TASK DETAILS: Using the listing below, copy exactly the lines from the one containing "fix \<xi> assume" to the one containing "proof (rule walk_repelling_after_run[where", both lines included, and no others.

STORED DATA:
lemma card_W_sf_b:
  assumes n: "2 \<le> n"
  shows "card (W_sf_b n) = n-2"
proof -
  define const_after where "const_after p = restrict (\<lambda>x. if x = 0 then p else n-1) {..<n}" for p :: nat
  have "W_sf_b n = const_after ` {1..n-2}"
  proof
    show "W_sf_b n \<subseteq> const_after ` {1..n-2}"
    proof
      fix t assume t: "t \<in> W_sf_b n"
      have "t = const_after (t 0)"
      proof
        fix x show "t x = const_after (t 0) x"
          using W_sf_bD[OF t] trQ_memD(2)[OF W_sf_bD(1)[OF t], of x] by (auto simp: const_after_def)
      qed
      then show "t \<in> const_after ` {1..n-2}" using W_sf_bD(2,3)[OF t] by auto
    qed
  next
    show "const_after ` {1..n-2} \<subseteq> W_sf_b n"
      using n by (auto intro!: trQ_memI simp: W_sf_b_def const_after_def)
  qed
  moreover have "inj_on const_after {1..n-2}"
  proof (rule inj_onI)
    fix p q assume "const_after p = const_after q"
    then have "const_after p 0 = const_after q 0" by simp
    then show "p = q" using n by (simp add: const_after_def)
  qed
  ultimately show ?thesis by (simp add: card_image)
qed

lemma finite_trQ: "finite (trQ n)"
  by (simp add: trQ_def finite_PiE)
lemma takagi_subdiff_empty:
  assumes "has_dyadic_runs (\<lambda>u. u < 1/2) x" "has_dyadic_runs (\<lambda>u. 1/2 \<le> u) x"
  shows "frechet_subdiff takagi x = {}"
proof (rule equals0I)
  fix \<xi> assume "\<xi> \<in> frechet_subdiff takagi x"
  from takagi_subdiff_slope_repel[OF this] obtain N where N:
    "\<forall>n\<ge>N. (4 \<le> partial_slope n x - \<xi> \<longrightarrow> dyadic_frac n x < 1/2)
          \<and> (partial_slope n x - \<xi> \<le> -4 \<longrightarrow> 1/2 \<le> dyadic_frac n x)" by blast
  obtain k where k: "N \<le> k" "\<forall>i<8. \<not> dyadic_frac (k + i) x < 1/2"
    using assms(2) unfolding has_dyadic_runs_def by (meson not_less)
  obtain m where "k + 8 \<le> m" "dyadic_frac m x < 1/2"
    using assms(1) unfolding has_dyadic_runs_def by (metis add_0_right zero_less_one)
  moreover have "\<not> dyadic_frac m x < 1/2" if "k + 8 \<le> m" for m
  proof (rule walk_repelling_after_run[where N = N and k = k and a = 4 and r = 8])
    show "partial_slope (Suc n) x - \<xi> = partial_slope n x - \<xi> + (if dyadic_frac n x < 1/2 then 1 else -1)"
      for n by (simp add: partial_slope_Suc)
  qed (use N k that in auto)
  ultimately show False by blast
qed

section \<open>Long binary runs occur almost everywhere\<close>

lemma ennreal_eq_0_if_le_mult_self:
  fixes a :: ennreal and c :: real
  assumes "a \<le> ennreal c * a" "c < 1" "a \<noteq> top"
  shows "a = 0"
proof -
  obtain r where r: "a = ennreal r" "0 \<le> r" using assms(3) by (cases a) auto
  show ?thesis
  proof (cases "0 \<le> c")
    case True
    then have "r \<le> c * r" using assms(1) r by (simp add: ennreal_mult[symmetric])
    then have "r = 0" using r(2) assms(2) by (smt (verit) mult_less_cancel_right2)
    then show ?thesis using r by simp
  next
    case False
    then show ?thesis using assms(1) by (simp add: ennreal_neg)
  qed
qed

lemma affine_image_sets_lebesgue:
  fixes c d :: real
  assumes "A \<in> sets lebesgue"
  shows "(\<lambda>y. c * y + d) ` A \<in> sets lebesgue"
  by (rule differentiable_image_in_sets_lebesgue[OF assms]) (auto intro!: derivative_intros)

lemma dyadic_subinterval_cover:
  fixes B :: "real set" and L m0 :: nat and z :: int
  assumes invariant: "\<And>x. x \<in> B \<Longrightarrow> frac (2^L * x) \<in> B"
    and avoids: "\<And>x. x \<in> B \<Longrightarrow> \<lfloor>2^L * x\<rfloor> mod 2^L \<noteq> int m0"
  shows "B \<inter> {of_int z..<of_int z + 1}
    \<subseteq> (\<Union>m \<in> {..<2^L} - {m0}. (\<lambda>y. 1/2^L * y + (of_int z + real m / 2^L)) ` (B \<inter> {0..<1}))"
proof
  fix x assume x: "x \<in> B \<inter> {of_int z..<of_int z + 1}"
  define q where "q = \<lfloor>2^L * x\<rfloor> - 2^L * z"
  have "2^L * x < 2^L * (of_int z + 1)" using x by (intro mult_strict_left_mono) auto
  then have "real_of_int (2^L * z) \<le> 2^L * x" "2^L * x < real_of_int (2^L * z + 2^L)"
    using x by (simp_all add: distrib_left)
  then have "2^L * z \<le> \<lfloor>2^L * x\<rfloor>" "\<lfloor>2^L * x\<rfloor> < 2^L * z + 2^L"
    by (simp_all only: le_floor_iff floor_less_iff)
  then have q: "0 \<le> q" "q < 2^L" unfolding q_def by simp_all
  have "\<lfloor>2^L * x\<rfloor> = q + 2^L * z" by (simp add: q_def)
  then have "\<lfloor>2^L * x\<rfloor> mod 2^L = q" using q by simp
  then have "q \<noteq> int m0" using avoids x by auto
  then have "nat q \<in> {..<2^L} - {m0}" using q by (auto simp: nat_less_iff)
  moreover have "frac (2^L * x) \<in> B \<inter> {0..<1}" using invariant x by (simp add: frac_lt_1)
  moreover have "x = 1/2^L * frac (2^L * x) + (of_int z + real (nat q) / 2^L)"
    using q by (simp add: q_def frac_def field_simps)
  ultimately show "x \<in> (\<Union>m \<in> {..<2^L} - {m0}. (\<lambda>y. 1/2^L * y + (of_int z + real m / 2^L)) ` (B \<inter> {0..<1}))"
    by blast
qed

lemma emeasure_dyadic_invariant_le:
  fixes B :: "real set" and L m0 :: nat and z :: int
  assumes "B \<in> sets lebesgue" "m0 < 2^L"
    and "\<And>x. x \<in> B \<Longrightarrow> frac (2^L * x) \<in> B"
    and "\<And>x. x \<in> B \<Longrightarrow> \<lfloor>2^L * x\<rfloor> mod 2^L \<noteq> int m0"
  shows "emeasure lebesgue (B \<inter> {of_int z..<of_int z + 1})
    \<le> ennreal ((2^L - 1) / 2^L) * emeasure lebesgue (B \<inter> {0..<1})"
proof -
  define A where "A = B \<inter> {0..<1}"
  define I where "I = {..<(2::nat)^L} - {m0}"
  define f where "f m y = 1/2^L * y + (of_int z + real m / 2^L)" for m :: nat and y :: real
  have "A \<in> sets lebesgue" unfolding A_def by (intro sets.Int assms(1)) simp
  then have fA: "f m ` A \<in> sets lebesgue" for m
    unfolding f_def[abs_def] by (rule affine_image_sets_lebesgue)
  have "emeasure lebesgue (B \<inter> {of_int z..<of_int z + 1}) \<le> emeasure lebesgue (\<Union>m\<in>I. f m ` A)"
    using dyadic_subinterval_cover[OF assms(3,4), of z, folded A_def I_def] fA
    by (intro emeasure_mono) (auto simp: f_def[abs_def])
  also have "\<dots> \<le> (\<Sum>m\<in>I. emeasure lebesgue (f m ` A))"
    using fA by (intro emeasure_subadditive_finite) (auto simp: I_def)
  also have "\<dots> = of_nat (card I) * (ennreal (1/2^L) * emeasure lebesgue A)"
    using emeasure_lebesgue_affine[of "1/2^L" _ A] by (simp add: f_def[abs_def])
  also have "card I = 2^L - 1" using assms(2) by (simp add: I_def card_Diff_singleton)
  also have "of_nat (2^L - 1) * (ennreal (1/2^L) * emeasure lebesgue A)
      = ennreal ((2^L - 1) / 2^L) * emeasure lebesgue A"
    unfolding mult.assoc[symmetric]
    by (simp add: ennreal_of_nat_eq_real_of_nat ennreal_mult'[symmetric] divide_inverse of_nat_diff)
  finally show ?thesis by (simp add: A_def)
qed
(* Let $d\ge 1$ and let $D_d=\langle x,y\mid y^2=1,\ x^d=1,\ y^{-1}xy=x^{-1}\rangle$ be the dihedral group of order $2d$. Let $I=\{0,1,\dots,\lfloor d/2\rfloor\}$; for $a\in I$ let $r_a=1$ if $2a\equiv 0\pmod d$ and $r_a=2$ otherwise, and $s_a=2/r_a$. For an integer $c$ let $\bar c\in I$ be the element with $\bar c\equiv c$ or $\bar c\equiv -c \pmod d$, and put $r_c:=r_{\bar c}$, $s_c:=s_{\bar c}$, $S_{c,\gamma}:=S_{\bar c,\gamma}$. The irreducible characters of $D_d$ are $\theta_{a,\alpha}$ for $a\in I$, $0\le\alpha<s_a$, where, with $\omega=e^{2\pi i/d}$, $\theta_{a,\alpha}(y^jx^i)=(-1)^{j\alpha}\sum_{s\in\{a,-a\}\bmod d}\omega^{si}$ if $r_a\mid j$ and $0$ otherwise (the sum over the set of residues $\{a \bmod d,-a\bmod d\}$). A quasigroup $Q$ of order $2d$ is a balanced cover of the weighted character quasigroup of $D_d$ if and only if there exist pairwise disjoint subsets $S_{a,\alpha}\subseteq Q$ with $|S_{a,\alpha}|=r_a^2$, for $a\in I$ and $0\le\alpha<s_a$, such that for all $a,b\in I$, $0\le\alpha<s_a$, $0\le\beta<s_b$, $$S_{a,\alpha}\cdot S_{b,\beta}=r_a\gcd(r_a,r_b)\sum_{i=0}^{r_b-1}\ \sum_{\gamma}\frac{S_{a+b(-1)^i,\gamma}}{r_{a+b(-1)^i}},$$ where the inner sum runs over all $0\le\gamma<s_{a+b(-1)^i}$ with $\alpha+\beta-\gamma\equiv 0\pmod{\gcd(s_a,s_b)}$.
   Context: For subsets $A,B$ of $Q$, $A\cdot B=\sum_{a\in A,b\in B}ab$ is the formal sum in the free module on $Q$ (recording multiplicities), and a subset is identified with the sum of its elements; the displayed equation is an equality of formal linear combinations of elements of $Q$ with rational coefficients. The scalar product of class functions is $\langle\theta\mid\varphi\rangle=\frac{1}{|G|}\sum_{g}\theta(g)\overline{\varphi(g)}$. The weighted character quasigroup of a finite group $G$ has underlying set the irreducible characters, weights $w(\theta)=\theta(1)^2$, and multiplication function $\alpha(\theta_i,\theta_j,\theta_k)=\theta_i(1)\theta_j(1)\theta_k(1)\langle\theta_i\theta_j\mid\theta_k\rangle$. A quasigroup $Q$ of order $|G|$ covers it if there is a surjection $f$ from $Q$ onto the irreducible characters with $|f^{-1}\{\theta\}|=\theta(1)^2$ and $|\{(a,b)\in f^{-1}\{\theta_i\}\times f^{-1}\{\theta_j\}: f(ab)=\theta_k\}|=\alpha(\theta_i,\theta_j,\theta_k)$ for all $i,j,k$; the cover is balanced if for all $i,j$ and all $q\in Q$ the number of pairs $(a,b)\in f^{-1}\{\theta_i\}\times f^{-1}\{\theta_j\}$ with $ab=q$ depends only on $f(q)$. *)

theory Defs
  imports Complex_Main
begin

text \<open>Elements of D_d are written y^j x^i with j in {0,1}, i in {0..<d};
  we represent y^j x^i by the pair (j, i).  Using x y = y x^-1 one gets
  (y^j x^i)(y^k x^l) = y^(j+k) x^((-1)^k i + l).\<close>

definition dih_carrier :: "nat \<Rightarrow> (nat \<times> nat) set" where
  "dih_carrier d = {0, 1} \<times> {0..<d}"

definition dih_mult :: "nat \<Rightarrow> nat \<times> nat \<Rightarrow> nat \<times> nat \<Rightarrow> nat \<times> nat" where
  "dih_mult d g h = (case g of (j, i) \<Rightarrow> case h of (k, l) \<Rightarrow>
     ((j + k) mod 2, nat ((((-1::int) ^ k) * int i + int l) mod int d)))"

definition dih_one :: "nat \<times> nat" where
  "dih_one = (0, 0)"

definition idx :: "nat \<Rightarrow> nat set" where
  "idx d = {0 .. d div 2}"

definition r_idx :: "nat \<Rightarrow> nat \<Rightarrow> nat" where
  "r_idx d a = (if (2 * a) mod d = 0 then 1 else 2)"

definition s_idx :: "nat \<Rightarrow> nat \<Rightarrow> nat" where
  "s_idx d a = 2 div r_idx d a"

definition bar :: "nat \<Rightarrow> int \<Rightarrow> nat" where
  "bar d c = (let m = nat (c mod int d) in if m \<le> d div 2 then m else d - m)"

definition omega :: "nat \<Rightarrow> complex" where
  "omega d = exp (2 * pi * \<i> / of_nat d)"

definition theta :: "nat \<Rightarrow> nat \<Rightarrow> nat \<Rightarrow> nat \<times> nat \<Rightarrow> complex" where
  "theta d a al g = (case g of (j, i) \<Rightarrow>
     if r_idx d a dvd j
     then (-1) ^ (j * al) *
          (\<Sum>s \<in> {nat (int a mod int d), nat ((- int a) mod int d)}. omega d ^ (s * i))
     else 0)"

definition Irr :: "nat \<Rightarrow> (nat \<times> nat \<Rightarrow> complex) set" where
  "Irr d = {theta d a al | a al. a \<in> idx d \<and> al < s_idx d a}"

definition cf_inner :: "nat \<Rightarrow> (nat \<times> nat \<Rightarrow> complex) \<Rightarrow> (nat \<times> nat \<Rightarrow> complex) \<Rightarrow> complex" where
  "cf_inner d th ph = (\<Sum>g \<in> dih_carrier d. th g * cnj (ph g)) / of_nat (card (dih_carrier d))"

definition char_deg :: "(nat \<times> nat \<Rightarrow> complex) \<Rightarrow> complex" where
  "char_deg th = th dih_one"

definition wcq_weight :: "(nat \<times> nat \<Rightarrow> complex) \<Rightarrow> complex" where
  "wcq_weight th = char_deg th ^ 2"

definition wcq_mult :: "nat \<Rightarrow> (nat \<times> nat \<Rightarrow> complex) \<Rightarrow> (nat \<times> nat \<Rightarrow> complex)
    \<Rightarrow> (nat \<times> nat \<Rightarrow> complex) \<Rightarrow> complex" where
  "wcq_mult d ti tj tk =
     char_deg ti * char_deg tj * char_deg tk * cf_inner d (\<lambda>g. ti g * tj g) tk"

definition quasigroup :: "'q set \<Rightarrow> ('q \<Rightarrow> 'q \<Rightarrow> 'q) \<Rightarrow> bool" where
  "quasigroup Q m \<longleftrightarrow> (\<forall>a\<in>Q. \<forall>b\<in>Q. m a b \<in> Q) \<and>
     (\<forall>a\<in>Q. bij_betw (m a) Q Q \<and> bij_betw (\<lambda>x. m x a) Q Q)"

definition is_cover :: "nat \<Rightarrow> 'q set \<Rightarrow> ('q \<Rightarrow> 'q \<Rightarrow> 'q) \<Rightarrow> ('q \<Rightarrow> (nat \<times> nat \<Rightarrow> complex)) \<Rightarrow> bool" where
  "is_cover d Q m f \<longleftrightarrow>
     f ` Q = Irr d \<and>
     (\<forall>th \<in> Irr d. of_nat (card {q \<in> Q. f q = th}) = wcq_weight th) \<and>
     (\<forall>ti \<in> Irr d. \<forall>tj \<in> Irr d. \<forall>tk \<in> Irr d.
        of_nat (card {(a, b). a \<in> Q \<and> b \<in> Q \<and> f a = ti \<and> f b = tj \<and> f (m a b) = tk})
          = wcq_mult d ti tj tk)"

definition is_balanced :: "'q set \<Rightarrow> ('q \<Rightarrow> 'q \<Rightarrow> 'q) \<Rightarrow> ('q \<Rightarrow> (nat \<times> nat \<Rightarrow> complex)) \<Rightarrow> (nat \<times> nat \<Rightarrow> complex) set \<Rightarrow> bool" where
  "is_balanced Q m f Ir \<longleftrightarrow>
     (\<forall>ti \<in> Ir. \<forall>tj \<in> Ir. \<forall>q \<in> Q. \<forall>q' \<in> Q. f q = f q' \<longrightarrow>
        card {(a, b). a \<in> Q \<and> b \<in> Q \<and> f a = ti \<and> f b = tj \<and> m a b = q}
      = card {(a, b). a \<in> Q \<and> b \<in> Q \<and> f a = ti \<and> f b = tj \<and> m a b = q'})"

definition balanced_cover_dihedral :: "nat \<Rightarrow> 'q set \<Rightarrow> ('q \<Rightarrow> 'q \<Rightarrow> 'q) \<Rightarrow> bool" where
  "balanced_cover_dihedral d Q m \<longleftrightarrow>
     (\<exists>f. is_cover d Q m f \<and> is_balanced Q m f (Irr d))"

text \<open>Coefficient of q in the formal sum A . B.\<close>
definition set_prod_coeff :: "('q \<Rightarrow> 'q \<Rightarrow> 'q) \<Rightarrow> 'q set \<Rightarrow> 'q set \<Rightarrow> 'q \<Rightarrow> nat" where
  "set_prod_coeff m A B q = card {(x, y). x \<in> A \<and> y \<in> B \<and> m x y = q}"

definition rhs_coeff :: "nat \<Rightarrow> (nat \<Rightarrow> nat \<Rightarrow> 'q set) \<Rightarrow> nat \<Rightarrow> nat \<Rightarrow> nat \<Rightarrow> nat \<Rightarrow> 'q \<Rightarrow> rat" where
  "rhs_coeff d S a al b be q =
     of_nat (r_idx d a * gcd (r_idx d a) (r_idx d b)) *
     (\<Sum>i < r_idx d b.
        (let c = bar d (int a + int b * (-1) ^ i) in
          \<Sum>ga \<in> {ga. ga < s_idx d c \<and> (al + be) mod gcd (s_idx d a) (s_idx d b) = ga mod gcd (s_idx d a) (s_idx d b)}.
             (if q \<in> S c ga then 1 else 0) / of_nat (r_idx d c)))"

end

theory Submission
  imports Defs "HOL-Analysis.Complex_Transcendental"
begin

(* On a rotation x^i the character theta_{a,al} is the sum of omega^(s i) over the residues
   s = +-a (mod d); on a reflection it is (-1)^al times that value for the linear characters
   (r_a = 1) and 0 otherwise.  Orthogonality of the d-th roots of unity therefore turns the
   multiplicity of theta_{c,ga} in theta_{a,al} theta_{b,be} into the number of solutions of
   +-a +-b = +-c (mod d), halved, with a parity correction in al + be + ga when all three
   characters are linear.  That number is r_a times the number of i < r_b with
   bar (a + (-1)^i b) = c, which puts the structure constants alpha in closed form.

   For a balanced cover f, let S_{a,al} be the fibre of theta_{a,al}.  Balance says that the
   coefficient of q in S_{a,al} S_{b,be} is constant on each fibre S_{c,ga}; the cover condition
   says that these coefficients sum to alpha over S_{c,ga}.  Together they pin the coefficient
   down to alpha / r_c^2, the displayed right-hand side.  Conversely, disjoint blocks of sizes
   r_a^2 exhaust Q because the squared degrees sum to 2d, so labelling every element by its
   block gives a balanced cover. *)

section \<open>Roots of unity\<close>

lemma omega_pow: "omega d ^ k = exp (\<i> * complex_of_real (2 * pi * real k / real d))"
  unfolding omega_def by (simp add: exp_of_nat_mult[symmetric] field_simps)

FINAL ANSWER:
  fix \<xi> assume "\<xi> \<in> frechet_subdiff takagi x"
  from takagi_subdiff_slope_repel[OF this] obtain N where N:
    "\<forall>n\<ge>N. (4 \<le> partial_slope n x - \<xi> \<longrightarrow> dyadic_frac n x < 1/2)
          \<and> (partial_slope n x - \<xi> \<le> -4 \<longrightarrow> 1/2 \<le> dyadic_frac n x)" by blast
  obtain k where k: "N \<le> k" "\<forall>i<8. \<not> dyadic_frac (k + i) x < 1/2"
    using assms(2) unfolding has_dyadic_runs_def by (meson not_less)
  obtain m where "k + 8 \<le> m" "dyadic_frac m x < 1/2"
    using assms(1) unfolding has_dyadic_runs_def by (metis add_0_right zero_less_one)
  moreover have "\<not> dyadic_frac m x < 1/2" if "k + 8 \<le> m" for m
  proof (rule walk_repelling_after_run[where N = N and k = k and a = 4 and r = 8])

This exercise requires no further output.